Task statement:
Print exactly the lines below between the line holding "(T(c := Suc N)) D" and the line holding "standard_fillings_down_step[OF S, of", inclusive, and nothing more.

Material to process Block Start

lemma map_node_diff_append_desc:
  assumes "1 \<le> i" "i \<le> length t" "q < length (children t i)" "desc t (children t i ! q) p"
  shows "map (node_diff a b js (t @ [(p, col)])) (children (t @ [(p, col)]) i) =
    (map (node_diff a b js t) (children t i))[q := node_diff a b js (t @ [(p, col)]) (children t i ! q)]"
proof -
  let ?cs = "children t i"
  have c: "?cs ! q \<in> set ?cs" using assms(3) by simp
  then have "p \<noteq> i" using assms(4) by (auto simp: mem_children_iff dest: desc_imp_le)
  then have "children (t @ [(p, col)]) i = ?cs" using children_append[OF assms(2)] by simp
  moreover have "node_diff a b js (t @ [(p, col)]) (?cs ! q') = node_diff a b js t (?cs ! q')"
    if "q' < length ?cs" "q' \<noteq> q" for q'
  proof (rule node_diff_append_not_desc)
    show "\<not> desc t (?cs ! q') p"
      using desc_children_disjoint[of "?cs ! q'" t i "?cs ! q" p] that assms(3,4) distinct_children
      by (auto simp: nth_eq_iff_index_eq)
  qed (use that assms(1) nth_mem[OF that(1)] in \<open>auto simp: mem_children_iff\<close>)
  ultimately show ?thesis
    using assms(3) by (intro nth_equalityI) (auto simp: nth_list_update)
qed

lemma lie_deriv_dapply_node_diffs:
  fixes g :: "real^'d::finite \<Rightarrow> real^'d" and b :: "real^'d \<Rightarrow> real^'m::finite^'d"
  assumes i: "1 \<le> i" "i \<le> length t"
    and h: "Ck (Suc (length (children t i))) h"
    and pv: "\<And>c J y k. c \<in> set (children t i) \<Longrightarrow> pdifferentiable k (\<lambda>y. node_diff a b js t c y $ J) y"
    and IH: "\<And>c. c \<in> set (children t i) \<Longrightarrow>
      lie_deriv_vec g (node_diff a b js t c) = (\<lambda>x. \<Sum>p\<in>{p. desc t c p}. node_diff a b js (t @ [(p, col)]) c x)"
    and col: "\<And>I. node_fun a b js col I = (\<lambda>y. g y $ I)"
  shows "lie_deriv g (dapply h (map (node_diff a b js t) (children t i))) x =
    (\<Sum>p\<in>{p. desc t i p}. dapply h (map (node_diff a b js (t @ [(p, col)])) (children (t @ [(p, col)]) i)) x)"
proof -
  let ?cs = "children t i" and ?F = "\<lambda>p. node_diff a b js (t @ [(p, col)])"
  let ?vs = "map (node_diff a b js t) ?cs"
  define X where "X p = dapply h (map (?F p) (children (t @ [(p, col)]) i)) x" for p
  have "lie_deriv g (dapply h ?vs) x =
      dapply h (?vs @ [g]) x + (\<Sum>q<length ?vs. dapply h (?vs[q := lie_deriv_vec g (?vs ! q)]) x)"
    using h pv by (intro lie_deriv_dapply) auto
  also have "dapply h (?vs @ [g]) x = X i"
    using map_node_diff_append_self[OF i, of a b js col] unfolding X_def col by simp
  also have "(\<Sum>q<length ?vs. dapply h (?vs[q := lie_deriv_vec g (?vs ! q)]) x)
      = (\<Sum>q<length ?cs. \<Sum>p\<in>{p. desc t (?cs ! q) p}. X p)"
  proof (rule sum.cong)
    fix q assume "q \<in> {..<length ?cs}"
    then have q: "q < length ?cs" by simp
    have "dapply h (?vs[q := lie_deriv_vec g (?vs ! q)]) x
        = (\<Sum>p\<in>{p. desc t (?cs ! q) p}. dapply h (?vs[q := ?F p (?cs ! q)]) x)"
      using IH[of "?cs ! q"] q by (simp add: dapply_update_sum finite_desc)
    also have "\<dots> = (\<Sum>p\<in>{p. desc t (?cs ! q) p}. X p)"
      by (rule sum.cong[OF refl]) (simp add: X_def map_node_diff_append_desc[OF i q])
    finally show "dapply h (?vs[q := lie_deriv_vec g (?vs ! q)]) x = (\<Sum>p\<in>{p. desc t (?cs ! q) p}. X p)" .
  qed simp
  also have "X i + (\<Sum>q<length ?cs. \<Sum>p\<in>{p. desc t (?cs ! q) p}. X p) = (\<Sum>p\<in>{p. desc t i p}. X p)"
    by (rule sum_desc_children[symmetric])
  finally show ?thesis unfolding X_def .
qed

Material to process Block End
Material to process Block Start

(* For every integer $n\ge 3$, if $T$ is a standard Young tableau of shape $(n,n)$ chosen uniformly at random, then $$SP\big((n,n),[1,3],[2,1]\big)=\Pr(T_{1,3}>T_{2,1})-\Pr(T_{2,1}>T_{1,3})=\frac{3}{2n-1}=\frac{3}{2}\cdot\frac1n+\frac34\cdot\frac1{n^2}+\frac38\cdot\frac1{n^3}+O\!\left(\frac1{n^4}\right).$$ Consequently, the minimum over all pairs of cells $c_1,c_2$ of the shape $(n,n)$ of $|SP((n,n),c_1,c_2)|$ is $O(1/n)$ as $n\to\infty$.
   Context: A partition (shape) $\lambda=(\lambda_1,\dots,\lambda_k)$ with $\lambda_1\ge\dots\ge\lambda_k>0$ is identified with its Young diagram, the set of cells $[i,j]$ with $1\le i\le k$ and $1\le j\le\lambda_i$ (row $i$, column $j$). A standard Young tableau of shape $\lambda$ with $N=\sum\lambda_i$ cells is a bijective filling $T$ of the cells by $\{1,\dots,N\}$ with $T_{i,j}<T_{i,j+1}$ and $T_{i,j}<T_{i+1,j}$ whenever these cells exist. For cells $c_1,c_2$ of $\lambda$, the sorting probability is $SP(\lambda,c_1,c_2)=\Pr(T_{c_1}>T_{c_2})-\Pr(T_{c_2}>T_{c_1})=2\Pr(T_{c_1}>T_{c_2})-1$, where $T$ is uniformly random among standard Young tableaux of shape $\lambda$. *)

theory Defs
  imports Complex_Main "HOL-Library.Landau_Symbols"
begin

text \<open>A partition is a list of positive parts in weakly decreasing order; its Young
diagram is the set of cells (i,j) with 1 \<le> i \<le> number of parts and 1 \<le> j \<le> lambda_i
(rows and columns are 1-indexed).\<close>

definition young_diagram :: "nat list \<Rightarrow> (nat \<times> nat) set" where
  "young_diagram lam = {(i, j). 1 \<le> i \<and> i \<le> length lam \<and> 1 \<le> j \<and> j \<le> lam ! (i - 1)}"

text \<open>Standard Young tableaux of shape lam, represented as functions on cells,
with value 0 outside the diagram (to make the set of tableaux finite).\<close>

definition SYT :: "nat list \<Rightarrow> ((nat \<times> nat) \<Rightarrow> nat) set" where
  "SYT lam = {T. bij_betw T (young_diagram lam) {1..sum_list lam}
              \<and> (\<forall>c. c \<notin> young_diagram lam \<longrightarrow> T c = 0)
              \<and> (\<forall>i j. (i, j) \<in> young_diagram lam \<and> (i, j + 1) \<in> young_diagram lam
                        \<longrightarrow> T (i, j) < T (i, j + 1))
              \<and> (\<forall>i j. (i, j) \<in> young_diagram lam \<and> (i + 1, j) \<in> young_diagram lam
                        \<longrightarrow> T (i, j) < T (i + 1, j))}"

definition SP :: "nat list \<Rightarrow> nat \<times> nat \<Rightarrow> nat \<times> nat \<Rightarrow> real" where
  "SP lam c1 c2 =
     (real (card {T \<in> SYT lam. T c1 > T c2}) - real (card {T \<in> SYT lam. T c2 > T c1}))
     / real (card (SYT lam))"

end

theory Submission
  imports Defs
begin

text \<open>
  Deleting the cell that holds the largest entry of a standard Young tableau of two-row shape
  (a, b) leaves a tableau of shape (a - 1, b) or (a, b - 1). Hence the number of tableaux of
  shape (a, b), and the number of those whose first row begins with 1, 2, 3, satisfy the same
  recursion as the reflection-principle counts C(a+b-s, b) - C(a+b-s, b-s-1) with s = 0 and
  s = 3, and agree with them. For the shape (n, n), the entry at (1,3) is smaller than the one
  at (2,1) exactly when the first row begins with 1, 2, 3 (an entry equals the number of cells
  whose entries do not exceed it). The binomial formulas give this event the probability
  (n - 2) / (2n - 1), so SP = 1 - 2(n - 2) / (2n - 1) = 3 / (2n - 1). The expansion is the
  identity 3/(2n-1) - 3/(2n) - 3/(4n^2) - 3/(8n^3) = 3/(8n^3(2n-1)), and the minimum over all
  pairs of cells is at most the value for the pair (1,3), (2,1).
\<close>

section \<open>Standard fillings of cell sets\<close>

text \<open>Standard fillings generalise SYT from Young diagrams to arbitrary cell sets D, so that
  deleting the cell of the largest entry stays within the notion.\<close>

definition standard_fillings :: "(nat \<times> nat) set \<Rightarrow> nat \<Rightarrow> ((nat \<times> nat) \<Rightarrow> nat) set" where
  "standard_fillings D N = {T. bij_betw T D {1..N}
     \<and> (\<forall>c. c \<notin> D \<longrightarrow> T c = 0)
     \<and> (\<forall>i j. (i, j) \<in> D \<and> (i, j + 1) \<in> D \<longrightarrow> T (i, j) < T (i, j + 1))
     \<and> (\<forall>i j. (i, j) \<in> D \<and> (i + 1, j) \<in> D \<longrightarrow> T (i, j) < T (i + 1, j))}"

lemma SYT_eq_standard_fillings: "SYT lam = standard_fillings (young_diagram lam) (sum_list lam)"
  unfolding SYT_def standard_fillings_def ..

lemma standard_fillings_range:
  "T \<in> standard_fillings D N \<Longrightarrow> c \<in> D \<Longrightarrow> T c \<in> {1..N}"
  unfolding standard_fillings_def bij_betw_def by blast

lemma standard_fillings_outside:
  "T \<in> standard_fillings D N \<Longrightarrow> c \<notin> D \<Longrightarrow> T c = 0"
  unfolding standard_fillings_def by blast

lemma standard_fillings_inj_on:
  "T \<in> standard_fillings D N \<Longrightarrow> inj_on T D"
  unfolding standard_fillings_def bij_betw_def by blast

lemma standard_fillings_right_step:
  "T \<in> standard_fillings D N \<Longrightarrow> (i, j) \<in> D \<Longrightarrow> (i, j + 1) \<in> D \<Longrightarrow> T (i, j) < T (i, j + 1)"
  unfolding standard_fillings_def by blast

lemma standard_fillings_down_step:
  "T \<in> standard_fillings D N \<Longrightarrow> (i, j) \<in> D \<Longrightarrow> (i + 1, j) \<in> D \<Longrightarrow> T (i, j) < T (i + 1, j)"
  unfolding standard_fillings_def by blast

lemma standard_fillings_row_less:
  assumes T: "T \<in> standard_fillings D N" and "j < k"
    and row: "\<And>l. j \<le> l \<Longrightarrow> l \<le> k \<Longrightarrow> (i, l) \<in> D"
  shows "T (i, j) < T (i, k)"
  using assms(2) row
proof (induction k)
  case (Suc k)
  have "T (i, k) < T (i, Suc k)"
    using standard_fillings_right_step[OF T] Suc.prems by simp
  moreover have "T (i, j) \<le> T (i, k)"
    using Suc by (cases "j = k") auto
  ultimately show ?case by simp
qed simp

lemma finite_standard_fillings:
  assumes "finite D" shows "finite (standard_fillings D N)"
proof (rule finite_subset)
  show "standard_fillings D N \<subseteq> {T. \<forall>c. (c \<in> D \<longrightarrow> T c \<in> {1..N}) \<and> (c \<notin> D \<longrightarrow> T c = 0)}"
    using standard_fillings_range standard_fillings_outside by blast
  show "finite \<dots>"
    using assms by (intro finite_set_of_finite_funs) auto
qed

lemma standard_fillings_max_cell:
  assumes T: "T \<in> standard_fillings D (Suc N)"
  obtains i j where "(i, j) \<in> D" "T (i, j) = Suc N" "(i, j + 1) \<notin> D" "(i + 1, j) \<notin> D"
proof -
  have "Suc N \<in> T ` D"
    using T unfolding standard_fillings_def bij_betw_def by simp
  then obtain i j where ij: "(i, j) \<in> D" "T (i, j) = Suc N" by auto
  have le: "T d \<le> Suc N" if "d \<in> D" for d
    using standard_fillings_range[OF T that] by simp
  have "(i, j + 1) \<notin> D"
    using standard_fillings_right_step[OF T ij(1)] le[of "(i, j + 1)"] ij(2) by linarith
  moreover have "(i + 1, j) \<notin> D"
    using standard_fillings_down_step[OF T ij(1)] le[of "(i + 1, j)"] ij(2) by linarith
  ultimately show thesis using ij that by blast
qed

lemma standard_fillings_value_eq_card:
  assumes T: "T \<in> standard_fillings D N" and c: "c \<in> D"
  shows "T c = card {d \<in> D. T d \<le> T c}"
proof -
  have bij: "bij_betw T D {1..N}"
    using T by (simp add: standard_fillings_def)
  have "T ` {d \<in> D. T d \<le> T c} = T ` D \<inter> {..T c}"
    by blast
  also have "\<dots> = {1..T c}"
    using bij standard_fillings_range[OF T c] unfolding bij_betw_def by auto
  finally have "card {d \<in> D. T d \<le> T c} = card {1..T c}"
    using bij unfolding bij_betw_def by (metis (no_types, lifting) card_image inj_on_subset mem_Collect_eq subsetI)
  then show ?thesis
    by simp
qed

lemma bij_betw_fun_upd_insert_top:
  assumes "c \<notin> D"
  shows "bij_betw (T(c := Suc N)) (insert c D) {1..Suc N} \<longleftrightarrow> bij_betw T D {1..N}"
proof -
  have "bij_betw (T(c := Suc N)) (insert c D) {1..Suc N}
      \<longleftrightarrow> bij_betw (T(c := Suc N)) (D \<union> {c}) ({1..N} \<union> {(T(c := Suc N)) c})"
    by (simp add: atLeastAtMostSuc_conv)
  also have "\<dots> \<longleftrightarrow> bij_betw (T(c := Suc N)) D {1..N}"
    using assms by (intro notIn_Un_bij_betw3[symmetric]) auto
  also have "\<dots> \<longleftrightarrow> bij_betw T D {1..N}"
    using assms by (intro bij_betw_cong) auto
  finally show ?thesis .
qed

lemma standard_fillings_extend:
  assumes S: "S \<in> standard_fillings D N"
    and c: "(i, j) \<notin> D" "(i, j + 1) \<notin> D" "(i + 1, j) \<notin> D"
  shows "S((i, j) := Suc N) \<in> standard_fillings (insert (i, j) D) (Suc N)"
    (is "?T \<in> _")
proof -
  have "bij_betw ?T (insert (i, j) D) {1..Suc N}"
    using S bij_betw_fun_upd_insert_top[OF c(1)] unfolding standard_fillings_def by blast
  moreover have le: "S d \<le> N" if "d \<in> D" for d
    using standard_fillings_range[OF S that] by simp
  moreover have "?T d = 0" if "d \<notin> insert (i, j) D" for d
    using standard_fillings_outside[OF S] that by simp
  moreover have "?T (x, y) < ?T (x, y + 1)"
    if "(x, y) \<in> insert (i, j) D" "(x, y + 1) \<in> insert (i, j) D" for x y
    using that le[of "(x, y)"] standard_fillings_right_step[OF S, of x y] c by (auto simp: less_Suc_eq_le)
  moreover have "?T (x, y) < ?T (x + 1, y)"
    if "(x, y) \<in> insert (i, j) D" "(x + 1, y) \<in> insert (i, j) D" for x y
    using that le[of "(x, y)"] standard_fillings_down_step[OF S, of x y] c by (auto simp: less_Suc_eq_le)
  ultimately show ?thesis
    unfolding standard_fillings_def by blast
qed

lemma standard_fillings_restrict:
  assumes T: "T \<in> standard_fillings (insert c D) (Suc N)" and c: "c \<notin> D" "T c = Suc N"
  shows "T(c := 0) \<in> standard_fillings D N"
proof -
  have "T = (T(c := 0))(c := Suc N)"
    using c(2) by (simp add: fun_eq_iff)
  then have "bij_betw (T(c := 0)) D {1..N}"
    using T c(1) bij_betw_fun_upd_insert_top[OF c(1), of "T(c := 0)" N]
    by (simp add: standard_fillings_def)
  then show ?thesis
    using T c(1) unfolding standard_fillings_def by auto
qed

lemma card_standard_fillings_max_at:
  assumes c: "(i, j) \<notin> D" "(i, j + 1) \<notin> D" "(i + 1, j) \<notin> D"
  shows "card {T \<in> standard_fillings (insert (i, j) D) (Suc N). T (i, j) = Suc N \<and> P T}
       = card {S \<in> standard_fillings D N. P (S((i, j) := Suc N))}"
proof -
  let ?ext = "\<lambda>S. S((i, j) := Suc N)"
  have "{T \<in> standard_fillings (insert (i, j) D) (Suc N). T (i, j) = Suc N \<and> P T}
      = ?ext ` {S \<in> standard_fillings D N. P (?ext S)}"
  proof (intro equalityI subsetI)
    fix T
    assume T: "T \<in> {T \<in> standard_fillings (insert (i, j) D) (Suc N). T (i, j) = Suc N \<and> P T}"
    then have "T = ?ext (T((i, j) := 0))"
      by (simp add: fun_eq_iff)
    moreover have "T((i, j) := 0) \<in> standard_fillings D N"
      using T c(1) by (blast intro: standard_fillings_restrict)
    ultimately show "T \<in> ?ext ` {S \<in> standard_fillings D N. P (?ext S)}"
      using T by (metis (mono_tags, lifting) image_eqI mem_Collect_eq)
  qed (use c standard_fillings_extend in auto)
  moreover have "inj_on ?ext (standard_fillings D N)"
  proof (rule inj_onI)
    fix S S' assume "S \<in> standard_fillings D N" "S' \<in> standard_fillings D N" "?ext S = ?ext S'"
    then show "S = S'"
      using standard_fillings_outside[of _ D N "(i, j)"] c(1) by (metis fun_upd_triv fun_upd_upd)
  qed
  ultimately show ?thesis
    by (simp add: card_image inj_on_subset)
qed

Material to process Block End
Material to process Block Start

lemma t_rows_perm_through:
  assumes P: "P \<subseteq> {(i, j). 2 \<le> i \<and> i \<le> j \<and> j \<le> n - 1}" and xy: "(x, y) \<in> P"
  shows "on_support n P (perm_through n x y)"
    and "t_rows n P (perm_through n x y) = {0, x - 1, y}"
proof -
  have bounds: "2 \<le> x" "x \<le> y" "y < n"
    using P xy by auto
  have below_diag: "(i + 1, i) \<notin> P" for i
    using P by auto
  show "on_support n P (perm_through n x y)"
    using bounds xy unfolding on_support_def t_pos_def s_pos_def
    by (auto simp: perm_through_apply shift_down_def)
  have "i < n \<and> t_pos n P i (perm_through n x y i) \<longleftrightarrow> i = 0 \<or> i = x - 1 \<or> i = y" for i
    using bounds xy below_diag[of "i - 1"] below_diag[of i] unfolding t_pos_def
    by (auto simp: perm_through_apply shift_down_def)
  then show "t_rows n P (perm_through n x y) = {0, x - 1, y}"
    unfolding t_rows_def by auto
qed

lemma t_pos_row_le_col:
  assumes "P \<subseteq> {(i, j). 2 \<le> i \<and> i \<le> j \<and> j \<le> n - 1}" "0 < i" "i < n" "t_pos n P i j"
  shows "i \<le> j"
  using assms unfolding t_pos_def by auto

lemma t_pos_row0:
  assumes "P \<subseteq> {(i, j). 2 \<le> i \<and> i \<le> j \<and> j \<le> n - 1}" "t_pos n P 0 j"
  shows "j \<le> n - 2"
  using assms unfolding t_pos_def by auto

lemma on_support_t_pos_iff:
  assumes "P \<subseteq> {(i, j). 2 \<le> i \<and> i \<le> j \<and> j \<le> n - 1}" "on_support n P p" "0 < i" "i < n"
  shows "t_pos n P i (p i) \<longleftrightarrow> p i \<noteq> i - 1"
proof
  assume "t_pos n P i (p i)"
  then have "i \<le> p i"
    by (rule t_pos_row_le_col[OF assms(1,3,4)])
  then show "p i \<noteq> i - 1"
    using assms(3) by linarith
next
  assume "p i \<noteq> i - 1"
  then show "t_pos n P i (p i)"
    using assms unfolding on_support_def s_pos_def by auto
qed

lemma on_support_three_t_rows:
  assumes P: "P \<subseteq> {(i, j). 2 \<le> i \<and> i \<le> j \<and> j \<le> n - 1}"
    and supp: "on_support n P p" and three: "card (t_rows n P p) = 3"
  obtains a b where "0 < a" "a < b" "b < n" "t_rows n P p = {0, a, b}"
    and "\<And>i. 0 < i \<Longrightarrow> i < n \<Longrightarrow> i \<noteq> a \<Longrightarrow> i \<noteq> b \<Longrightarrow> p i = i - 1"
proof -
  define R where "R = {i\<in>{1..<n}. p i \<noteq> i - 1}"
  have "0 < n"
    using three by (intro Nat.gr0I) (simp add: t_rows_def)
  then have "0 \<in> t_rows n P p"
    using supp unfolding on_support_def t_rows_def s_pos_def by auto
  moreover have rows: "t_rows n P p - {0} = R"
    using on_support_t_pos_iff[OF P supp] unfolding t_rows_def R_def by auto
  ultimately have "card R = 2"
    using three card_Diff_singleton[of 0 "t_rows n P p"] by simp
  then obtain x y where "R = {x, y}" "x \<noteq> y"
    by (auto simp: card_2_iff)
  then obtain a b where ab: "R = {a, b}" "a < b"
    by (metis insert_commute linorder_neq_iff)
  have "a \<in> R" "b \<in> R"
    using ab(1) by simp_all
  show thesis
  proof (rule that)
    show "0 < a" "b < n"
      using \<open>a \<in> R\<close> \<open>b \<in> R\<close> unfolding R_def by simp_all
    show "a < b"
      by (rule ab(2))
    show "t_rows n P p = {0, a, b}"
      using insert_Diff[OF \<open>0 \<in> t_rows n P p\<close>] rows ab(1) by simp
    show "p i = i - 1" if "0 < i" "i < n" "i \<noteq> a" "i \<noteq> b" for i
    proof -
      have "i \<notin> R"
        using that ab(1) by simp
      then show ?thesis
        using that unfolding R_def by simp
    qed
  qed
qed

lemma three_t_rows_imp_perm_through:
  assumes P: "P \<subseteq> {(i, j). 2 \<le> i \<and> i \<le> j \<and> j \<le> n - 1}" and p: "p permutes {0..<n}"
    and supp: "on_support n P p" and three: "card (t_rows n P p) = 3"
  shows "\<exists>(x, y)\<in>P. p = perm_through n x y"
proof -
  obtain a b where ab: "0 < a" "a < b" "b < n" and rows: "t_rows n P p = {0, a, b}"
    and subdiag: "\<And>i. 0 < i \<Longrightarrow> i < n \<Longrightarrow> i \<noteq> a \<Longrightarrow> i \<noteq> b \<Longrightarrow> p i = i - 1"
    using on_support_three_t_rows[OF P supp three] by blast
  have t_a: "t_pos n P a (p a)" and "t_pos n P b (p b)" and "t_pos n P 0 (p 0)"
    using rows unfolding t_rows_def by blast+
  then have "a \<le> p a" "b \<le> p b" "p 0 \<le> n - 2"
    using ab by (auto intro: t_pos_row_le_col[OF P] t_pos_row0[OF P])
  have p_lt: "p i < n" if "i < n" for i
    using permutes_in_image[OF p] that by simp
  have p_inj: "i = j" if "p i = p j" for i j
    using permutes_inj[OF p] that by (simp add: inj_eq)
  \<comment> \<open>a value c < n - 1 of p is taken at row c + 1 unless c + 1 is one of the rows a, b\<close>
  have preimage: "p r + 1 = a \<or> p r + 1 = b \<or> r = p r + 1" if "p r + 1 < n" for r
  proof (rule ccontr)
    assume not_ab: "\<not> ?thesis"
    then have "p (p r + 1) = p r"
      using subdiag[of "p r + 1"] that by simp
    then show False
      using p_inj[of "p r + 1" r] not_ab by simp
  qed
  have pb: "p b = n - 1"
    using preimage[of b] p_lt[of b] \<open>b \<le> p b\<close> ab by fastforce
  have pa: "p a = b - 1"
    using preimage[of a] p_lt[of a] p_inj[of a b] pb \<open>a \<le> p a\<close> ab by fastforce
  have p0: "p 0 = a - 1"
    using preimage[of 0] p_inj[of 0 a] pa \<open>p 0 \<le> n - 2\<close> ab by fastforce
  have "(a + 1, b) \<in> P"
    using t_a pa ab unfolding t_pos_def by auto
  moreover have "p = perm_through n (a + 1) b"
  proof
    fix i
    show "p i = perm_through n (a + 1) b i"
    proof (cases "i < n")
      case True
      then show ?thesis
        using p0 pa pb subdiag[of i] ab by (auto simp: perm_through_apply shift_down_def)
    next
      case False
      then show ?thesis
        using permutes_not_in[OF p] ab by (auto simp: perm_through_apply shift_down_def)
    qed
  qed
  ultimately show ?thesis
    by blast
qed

Material to process Block End

Response box:
  also have "\<dots> \<longleftrightarrow> bij_betw (T(c := Suc N)) D {1..N}"
    using assms by (intro notIn_Un_bij_betw3[symmetric]) auto
  also have "\<dots> \<longleftrightarrow> bij_betw T D {1..N}"
    using assms by (intro bij_betw_cong) auto
  finally show ?thesis .
qed

lemma standard_fillings_extend:
  assumes S: "S \<in> standard_fillings D N"
    and c: "(i, j) \<notin> D" "(i, j + 1) \<notin> D" "(i + 1, j) \<notin> D"
  shows "S((i, j) := Suc N) \<in> standard_fillings (insert (i, j) D) (Suc N)"
    (is "?T \<in> _")
proof -
  have "bij_betw ?T (insert (i, j) D) {1..Suc N}"
    using S bij_betw_fun_upd_insert_top[OF c(1)] unfolding standard_fillings_def by blast
  moreover have le: "S d \<le> N" if "d \<in> D" for d
    using standard_fillings_range[OF S that] by simp
  moreover have "?T d = 0" if "d \<notin> insert (i, j) D" for d
    using standard_fillings_outside[OF S] that by simp
  moreover have "?T (x, y) < ?T (x, y + 1)"
    if "(x, y) \<in> insert (i, j) D" "(x, y + 1) \<in> insert (i, j) D" for x y
    using that le[of "(x, y)"] standard_fillings_right_step[OF S, of x y] c by (auto simp: less_Suc_eq_le)
  moreover have "?T (x, y) < ?T (x + 1, y)"
    if "(x, y) \<in> insert (i, j) D" "(x + 1, y) \<in> insert (i, j) D" for x y
    using that le[of "(x, y)"] standard_fillings_down_step[OF S, of x y] c by (auto simp: less_Suc_eq_le)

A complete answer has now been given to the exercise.